● **DATASET CONTENT**:
>>>

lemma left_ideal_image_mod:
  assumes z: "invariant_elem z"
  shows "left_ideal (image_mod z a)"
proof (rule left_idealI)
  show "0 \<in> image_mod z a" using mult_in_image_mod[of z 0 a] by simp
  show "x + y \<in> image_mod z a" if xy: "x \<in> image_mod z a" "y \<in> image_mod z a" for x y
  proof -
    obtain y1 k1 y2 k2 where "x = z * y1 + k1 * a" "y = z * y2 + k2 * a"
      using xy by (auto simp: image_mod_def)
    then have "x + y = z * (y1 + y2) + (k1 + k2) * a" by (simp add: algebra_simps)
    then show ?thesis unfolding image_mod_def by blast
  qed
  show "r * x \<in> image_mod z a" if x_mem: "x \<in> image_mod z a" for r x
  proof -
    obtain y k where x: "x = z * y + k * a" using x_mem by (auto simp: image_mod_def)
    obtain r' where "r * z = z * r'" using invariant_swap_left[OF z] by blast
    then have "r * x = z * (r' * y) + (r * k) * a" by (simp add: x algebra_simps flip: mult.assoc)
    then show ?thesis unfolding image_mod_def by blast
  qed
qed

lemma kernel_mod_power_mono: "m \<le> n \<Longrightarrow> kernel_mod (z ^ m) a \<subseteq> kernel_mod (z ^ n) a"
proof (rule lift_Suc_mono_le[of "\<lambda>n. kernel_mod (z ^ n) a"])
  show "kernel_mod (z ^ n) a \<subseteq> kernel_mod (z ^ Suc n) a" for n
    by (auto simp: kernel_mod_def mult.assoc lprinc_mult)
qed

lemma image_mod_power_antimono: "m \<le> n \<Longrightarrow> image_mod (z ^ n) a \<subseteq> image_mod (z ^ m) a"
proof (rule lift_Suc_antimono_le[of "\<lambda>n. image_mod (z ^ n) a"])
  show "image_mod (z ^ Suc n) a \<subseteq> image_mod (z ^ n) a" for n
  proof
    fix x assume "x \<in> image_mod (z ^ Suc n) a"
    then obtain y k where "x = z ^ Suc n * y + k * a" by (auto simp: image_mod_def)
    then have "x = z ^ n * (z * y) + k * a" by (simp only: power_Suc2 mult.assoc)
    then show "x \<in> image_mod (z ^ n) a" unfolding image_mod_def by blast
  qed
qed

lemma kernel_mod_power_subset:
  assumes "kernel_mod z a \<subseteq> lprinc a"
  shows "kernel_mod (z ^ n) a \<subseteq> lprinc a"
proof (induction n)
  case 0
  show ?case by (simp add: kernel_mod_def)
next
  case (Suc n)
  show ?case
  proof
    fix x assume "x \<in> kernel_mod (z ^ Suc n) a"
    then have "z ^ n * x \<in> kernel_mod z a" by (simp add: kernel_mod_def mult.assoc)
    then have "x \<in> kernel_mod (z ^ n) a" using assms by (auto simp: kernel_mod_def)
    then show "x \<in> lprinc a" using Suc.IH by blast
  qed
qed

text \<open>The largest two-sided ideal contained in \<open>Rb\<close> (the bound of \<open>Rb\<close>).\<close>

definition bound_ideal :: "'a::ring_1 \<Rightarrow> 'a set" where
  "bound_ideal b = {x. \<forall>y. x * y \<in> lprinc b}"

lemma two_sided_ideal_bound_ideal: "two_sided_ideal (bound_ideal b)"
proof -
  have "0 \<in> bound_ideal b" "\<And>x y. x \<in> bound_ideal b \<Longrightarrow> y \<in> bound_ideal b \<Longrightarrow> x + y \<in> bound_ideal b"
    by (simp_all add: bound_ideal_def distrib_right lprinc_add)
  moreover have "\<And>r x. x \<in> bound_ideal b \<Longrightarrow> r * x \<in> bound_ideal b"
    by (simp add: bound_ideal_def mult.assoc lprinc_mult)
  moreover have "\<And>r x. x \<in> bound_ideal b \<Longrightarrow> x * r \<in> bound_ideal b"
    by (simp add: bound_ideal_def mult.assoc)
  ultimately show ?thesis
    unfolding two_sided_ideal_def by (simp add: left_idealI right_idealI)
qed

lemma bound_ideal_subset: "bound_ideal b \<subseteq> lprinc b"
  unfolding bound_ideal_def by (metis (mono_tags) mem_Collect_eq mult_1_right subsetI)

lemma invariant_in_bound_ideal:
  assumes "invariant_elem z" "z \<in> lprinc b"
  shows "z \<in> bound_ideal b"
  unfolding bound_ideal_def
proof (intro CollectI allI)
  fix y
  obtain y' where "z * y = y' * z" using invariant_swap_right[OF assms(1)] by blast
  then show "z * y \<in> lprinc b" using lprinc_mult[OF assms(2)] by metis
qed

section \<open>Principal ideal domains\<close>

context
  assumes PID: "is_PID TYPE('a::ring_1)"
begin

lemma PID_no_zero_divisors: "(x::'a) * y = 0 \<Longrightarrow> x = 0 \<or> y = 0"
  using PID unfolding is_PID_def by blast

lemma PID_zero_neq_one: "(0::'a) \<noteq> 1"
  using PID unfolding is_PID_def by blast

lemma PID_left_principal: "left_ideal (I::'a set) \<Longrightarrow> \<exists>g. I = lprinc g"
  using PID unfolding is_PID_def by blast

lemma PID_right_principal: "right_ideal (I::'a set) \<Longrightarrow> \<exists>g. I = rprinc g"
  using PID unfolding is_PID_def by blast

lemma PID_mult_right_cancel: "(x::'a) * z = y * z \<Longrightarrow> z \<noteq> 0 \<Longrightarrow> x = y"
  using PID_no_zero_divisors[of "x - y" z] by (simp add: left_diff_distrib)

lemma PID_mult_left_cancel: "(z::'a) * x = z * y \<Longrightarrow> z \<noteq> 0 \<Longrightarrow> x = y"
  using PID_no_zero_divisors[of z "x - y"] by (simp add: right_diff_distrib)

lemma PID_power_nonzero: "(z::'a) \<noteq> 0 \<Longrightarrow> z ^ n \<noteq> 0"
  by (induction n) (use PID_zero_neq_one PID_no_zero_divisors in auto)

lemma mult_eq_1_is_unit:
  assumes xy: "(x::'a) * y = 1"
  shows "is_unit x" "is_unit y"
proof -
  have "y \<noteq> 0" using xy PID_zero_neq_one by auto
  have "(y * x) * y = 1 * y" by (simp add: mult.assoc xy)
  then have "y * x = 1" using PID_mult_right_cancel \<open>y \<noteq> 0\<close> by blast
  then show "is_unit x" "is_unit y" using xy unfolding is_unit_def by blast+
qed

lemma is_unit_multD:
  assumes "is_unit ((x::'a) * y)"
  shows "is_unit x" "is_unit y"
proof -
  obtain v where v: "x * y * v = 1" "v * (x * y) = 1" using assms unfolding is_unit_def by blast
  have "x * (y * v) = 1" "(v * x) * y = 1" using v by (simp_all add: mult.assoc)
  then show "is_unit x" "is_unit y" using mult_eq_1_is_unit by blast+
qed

<<<

● **INSTRUCTIONS FOR THE TASK**:
Search the listing above for the string "assms". Copy every line that contains it.

● **OUTPUT**:
    then have "x \<in> kernel_mod (z ^ n) a" using assms by (auto simp: kernel_mod_def)
  obtain y' where "z * y = y' * z" using invariant_swap_right[OF assms(1)] by blast
  then show "z * y \<in> lprinc b" using lprinc_mult[OF assms(2)] by metis
  obtain v where v: "x * y * v = 1" "v * (x * y) = 1" using assms unfolding is_unit_def by blast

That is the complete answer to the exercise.